text \<open>The function \<open>\<sigma>\<close> is the convex conjugate of \<open>\<alpha> \<mapsto> ln (\<Sum>j. exp (e j \<bullet> \<alpha>))\<close>, so on the
  Newton polytope it is the least negative entropy \<open>\<Sum>j. p j ln (p j)\<close> of a probability vector \<open>p\<close>
  with \<open>\<Sum>j. p j e j = s\<close>. At a boundary point \<open>s\<close> of the polytope every such \<open>p\<close> (nearly) vanishes
  on a vertex off a supporting face of \<open>s\<close>; moving a distance \<open>t\<close> towards an interior point forces
  that weight up to order \<open>t\<close>, which changes the entropy by order \<open>t ln t\<close>. So \<open>\<sigma>\<close> has slope
  \<open>-\<infinity>\<close> at the boundary in every inward direction.

  If the minimiser \<open>\<omega>\<close> took boundary values on a set of positive measure inside an open set where
  some competitor \<open>\<omega>'\<close> is interior (flexibility), then \<open>(1 - t) \<omega> + t \<omega>'\<close>, still admissible by
  convexity, would have strictly smaller energy for small \<open>t\<close>. Countably many such open sets
  cover the interior of \<open>R\<close> by Lindelof's theorem.\<close>

section \<open>Probability weights and the Newton polytope\<close>

definition prob_weights :: "nat \<Rightarrow> (nat \<Rightarrow> real) \<Rightarrow> bool" where
  "prob_weights D p \<longleftrightarrow> (\<forall>j<D. 0 \<le> p j) \<and> (\<Sum>j<D. p j) = 1"

definition convex_comb :: "(nat \<Rightarrow> 'a::real_vector) \<Rightarrow> nat \<Rightarrow> (nat \<Rightarrow> real) \<Rightarrow> 'a" where
  "convex_comb e D p = (\<Sum>j<D. p j *\<^sub>R e j)"
lemma subadditive_quotient_eventually_less:
  fixes f :: "nat \<Rightarrow> real"
  assumes nonneg: "\<And>n. 0 \<le> f n" and subadd: "\<And>a b. f (a + b) \<le> f a + f b"
    and "d \<ge> 1" and "\<epsilon> > 0"
  shows "\<forall>\<^sub>F n in sequentially. f n / real n < f d / real d + \<epsilon>"
proof -
  define B where "B = Max (f ` {..<d})"
  have B: "f j \<le> B" if "j < d" for j
    unfolding B_def using that by (intro Max_ge) auto
  have "0 \<le> B" using B[of 0] nonneg[of 0] \<open>d \<ge> 1\<close> by linarith
  obtain N :: nat where N: "real N > B / \<epsilon>"
    using reals_Archimedean2 by blast
  show ?thesis
    using eventually_ge_at_top[of "max d (Suc N)"]
  proof eventually_elim
    case (elim n)
    then have "n \<ge> d" and n_pos: "real n > 0" and "real n > B / \<epsilon>"
      using N by auto
    have "real (n div d) * real d \<le> real n"
      by (metis div_times_less_eq_dividend of_nat_le_iff of_nat_mult)
    then have "real (n div d) * f d \<le> real n / real d * f d"
      using \<open>d \<ge> 1\<close> by (intro mult_right_mono nonneg) (simp_all add: field_simps)
    moreover have "f n \<le> real (n div d) * f d + f (n mod d)"
      using subadditive_le_multiple[of f, OF subadd, of "n div d" d "n mod d"] by simp
    moreover have "f (n mod d) \<le> B"
      using B \<open>d \<ge> 1\<close> by simp
    ultimately have "f n / real n \<le> f d / real d + B / real n"
      using n_pos by (simp add: field_simps)
    moreover have "B / real n < \<epsilon>"
      using \<open>real n > B / \<epsilon>\<close> \<open>\<epsilon> > 0\<close> \<open>0 \<le> B\<close> n_pos by (simp add: field_simps)
    ultimately show ?case by linarith
  qed
qed
lemma finite_thicken_singleton: "finite (thicken {s::'d::finite site} l)"
proof -
  let ?box = "PiE UNIV (\<lambda>i. {s $ i - int l .. s $ i + int l})"
  have "thicken {s} l \<subseteq> (\<lambda>f. \<chi> i. f i) ` ?box"
  proof
    fix t assume "t \<in> thicken {s} l"
    then have "\<bar>s $ i - t $ i\<bar> \<le> int l" for i
      using abs_component_le_linf_dist[where s=s and t=t and i=i] by (simp add: thicken_def)
    then have "t $ i \<in> {s $ i - int l .. s $ i + int l}" for i
      by (simp add: abs_le_iff) (smt (verit))
    then have "(\<lambda>i. t $ i) \<in> ?box" by auto
    then show "t \<in> (\<lambda>f. \<chi> i. f i) ` ?box" by (metis (no_types) image_eqI vec_lambda_eta)
  qed
  moreover have "finite ?box" by (intro finite_PiE) auto
  ultimately show ?thesis by (meson finite_surj)
qed

lemma finite_thicken: "finite S \<Longrightarrow> finite (thicken (S::'d::finite site set) l)"
proof -
  have "thicken S l = (\<Union>s\<in>S. thicken {s} l)" by (auto simp: thicken_def)
  then show "finite S \<Longrightarrow> ?thesis" using finite_thicken_singleton by auto
qed

definition thick_boundary :: "'d::finite site set \<Rightarrow> nat \<Rightarrow> 'd site set" where
  "thick_boundary T l = {t\<in>T. \<not> thicken {t} l \<subseteq> T}"

lemma finite_thick_boundary: "finite T \<Longrightarrow> finite (thick_boundary T l)"
  by (simp add: thick_boundary_def)

lemma disjoint_thick_boundary_thicken: "S \<inter> thick_boundary (thicken S l) l = {}"
  using thicken_singleton_subset[of _ S l] by (auto simp: thick_boundary_def)

section \<open>Conditional expectations\<close>

locale cond_expectation =
  fixes p :: "'d site \<Rightarrow> nat" and T :: "'d site set" and W :: "'d op set"
  assumes p_pos: "\<forall>s. 0 < p s" and finite_T: "finite T"
    and subspace_W: "cfun.subspace W" and W_local: "W \<subseteq> Mat_loc p T"
    and W_mult: "\<And>u w. u \<in> W \<Longrightarrow> w \<in> W \<Longrightarrow> op_mult u w \<in> W"
    and W_star: "\<And>u. u \<in> W \<Longrightarrow> op_star u \<in> W"
begin

abbreviation "P \<equiv> hs_proj p T W"

lemma local_in_W: "w \<in> W \<Longrightarrow> local_in p T w"
  using W_local by (auto simp: mem_Mat_loc_iff)

lemma P_mem: "local_in p T x \<Longrightarrow> P x \<in> W"
  using hs_proj[OF p_pos finite_T subspace_W W_local] by blast

lemma P_orthogonal: "local_in p T x \<Longrightarrow> w \<in> W \<Longrightarrow> hs_inner p T (x - P x) w = 0"
  using hs_proj[OF p_pos finite_T subspace_W W_local] by blast

lemma P_unique: "local_in p T x \<Longrightarrow> y \<in> W \<Longrightarrow> (\<forall>w\<in>W. hs_inner p T (x - y) w = 0) \<Longrightarrow> P x = y"
  by (rule hs_proj_unique[OF p_pos finite_T subspace_W W_local])

lemma local_in_P: "local_in p T x \<Longrightarrow> local_in p T (P x)"
  using P_mem local_in_W by blast

lemma P_zero: "P 0 = 0"
  by (rule P_unique) (auto simp: local_in_zero[OF finite_T] cfun.subspace_0[OF subspace_W] hs_inner_zero_left)

lemma P_sum:
  assumes "finite I" and loc: "\<And>i. i \<in> I \<Longrightarrow> local_in p T (f i)"
  shows "P (\<Sum>i\<in>I. f i) = (\<Sum>i\<in>I. P (f i))"
proof (rule P_unique)
  show "local_in p T (\<Sum>i\<in>I. f i)" using assms finite_T by (intro local_in_sum)
  show "(\<Sum>i\<in>I. P (f i)) \<in> W"
    by (rule cfun.subspace_sum[OF subspace_W]) (use P_mem[OF loc] in blast)
  show "\<forall>w\<in>W. hs_inner p T ((\<Sum>i\<in>I. f i) - (\<Sum>i\<in>I. P (f i))) w = 0"
    using P_orthogonal[OF loc] by (simp add: sum_subtractf[symmetric] hs_inner_sum_left)
qed

text \<open>P is a W-bimodule map: the orthogonality conditions for \<open>c x\<close> and \<open>x c\<close> reduce to those
  for x by moving c to the other side of the inner product as its adjoint, which stays in W.\<close>

lemma P_mult_left:
  assumes c: "c \<in> W" and x: "local_in p T x"
  shows "P (op_mult c x) = op_mult c (P x)"
proof (rule P_unique)
  show "local_in p T (op_mult c x)" using local_in_W[OF c] x by (rule local_in_mult)
  show "op_mult c (P x) \<in> W" using W_mult[OF c P_mem[OF x]] .
  show "\<forall>w\<in>W. hs_inner p T (op_mult c x - op_mult c (P x)) w = 0"
    using P_orthogonal[OF x W_mult[OF W_star[OF c]]]
    by (simp add: op_mult_diff_right[symmetric] hs_inner_mult_left[OF local_in_W[OF c]])
qed

lemma P_mult_right:
  assumes c: "c \<in> W" and x: "local_in p T x"
  shows "P (op_mult x c) = op_mult (P x) c"
proof (rule P_unique)
  show "local_in p T (op_mult x c)" using x local_in_W[OF c] by (rule local_in_mult)
  show "op_mult (P x) c \<in> W" using W_mult[OF P_mem[OF x] c] .
  have d: "local_in p T (x - P x)" using x local_in_P[OF x] by (rule local_in_diff)
  show "\<forall>w\<in>W. hs_inner p T (op_mult x c - op_mult (P x) c) w = 0"
    using P_orthogonal[OF x W_mult[OF _ W_star[OF c]]]
    by (simp add: op_mult_diff_left[OF x local_in_P[OF x], symmetric] hs_inner_mult_right[OF d local_in_W])
qed

lemma P_commute:
  assumes "local_in p T x" and "\<And>c. c \<in> W \<Longrightarrow> op_mult c x = op_mult x c" and "c \<in> W"
  shows "op_mult c (P x) = op_mult (P x) c"
  using P_mult_left[OF assms(3,1)] P_mult_right[OF assms(3,1)] assms(2,3) by simp

lemma hs_inner_P_one:
  assumes "local_in p T x" and "op_one p \<in> W"
  shows "hs_inner p T (P x) (op_one p) = hs_inner p T x (op_one p)"
  using P_orthogonal[OF assms] by (simp add: hs_inner_diff_left)

end
lemma maximally_distant_beyond:
  assumes x: "x \<in> V" and y: "y \<in> V"
  obtains u where "gdist V E x u = gdist V E x y + gdist V E y u" "maximally_distant V E u x"
proof -
  let ?d = "gdist V E"
  let ?beyond = "\<lambda>u. u \<in> V \<and> ?d x u = ?d x y + ?d y u"
  obtain b where "\<forall>u\<in>V. ?d x u < b"
    using finite_nat_set_iff_bounded[of "?d x ` V"] finite_V by auto
  moreover have "?beyond y"
    using y gdist_self by simp
  ultimately obtain u where u: "?beyond u"
    and u_max: "\<And>u'. ?beyond u' \<Longrightarrow> ?d x u' \<le> ?d x u"
    using ex_has_greatest_nat[of ?beyond y "?d x" b] by blast
  have "maximally_distant V E u x"
    unfolding maximally_distant_def
  proof (intro conjI allI impI)
    fix w
    assume "E u w"
    then have w: "w \<in> V" "?d u w \<le> 1"
      using edge_in_V gdist_le_1_if_edge by blast+
    show "?d w x \<le> ?d u x"
    proof (rule ccontr)
      assume "\<not> ?d w x \<le> ?d u x"
      moreover have "?d w x = ?d x w" "?d u x = ?d x u"
        using gdist_sym u w x by auto
      ultimately have "?d x u < ?d x w"
        by linarith
      moreover have "?d x w \<le> ?d x u + ?d u w" "?d y w \<le> ?d y u + ?d u w"
        "?d x w \<le> ?d x y + ?d y w"
        using gdist_triangle u w x y by blast+
      ultimately have "?beyond w"
        using u w by linarith
      then show False
        using u_max \<open>?d x u < ?d x w\<close> by fastforce
    qed
  qed (use u x in auto)
  then show thesis
    using that u by blast
qed

lemma maximally_distant_extend:
  assumes md: "maximally_distant V E u x" and v: "v \<in> V"
    and geo: "gdist V E u v = gdist V E u x + gdist V E x v"
  shows "maximally_distant V E u v"
  unfolding maximally_distant_def
proof (intro conjI allI impI)
  have ux: "u \<in> V" "x \<in> V"
    using md by (auto simp: maximally_distant_def)
  fix w
  assume "E u w"
  then have "w \<in> V" "gdist V E w x \<le> gdist V E u x"
    using edge_in_V md by (auto simp: maximally_distant_def)
  moreover have "gdist V E w v \<le> gdist V E w x + gdist V E x v"
    using gdist_triangle \<open>w \<in> V\<close> ux v by blast
  ultimately show "gdist V E w v \<le> gdist V E u v"
    using geo by linarith
qed (use md v in \<open>auto simp: maximally_distant_def\<close>)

**Assignment**
From the data above, how many lines contain the word "epsilon"? Give the number alone.

**Written answer**
6